- _Your instructions_:
Within the records below is a range that opens at the line with "using Z(1) above" and closes at the line with "(auto simp: space_restrict_space". Return that range word for word, both ends included, and only that range.

(Collected data)
text \<open>Lower semicontinuity of \<open>U\<close> for the topology of cylinders: a finite part of the series
  only involves finitely many digits.\<close>
lemma Ufun_gt_on_cylinder:
  assumes y: "y \<in> dom_U" and "z < Ufun u y"
  obtains N where "\<And>x. x \<in> cylinder N (plus_positions N y) \<Longrightarrow> z < Ufun u x"
proof -
  define t where "t x = (\<lambda>(n,m). ennreal (u n m * Lnm n m x))" for x
  have sup: "Ufun u x = (SUP F\<in>{F. finite F \<and> F \<subseteq> {(n, m). n \<le> m}}. sum (t x) F)" for x
    unfolding Ufun_def t_def by (rule nonneg_infsum_complete) simp
  obtain F where F: "finite F" "F \<subseteq> {(n, m). n \<le> m}" "z < sum (t y) F"
    using \<open>z < Ufun u y\<close> unfolding sup by (auto simp: less_SUP_iff)
  define N where "N = Suc (Max (snd ` F))"
  have m_less: "m < N" if "(n, m) \<in> F" for n m
    using F(1) that by (auto simp: N_def less_Suc_eq_le intro!: Max_ge image_eqI[of _ snd "(n, m)"])
  show thesis
  proof
    fix x assume x: "x \<in> cylinder N (plus_positions N y)"
    have same_digits: "digit x j = digit y j" if "j < N" for j
      using x in_cylinder_plus_positions[OF y, of N] that by (auto simp: cylinder_def)
    have "sum (t x) F = sum (t y) F"
    proof (rule sum.cong[OF refl], clarify)
      fix n m assume "(n, m) \<in> F"
      then have "m < N" by (rule m_less)
      then have "(\<Sum>j=n..m. digit x j) = (\<Sum>j=n..m. digit y j)"
        using same_digits by (intro sum.cong) auto
      then show "t x (n, m) = t y (n, m)" by (simp add: t_def Lnm_def)
    qed
    moreover have "sum (t x) F \<le> Ufun u x" unfolding sup[of x] by (rule SUP_upper) (use F in auto)
    ultimately show "z < Ufun u x" using F(3) by simp
  qed
qed

lemma Ufun_le_if_AE_le:
  assumes ae: "AE x in restrict_space lebesgue dom_U. Ufun u x \<le> z" and y: "y \<in> dom_U"
  shows "Ufun u y \<le> z"
proof (rule ccontr)
  assume "\<not> Ufun u y \<le> z"
  then obtain N where above: "\<And>x. x \<in> cylinder N (plus_positions N y) \<Longrightarrow> z < Ufun u x"
    using Ufun_gt_on_cylinder[OF y] by (metis not_le)
  have "AE x in lebesgue. x \<in> dom_U \<longrightarrow> Ufun u x \<le> z"
    using ae by (simp add: AE_restrict_space_iff dom_U_sets)
  then obtain Z where Z: "{x \<in> space lebesgue. \<not> (x \<in> dom_U \<longrightarrow> Ufun u x \<le> z)} \<subseteq> Z"
      "emeasure lebesgue Z = 0" "Z \<in> sets lebesgue"
    by (rule AE_E)
  have "cylinder N (plus_positions N y) \<subseteq> Z"
    using Z(1) above by (force simp: cylinder_def not_le)
  then have "emeasure lebesgue (cylinder N (plus_positions N y)) \<le> 0"
    using emeasure_mono[OF _ Z(3)] Z(2) by metis
  then show False by (simp add: emeasure_cylinder)
qed

lemma esssup_Ufun:
  assumes "\<And>n m. n \<le> m \<Longrightarrow> u n m \<ge> 0"
  shows "esssup (restrict_space lebesgue dom_U) (Ufun u) = Ufun u (1/3)"
proof (rule antisym)
  show "esssup (restrict_space lebesgue dom_U) (Ufun u) \<le> Ufun u (1/3)"
    by (rule esssup_I[OF Ufun_measurable], rule AE_I2)
       (auto simp: space_restrict_space intro: Ufun_le_Ufun_third assms)
  show "Ufun u (1/3) \<le> esssup (restrict_space lebesgue dom_U) (Ufun u)"
    unfolding esssup_eq_AE[OF Ufun_measurable]
  proof (rule Inf_greatest)
    fix z assume "z \<in> {z. AE x in restrict_space lebesgue dom_U. Ufun u x \<le> z}"
    then show "Ufun u (1/3) \<le> z" by (intro Ufun_le_if_AE_le third_in_dom_U(1)) simp
  qed
qed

- _Result_:
    using Z(1) above by (force simp: cylinder_def not_le)
  then have "emeasure lebesgue (cylinder N (plus_positions N y)) \<le> 0"
    using emeasure_mono[OF _ Z(3)] Z(2) by metis
  then show False by (simp add: emeasure_cylinder)
qed

lemma esssup_Ufun:
  assumes "\<And>n m. n \<le> m \<Longrightarrow> u n m \<ge> 0"
  shows "esssup (restrict_space lebesgue dom_U) (Ufun u) = Ufun u (1/3)"
proof (rule antisym)
  show "esssup (restrict_space lebesgue dom_U) (Ufun u) \<le> Ufun u (1/3)"
    by (rule esssup_I[OF Ufun_measurable], rule AE_I2)
       (auto simp: space_restrict_space intro: Ufun_le_Ufun_third assms)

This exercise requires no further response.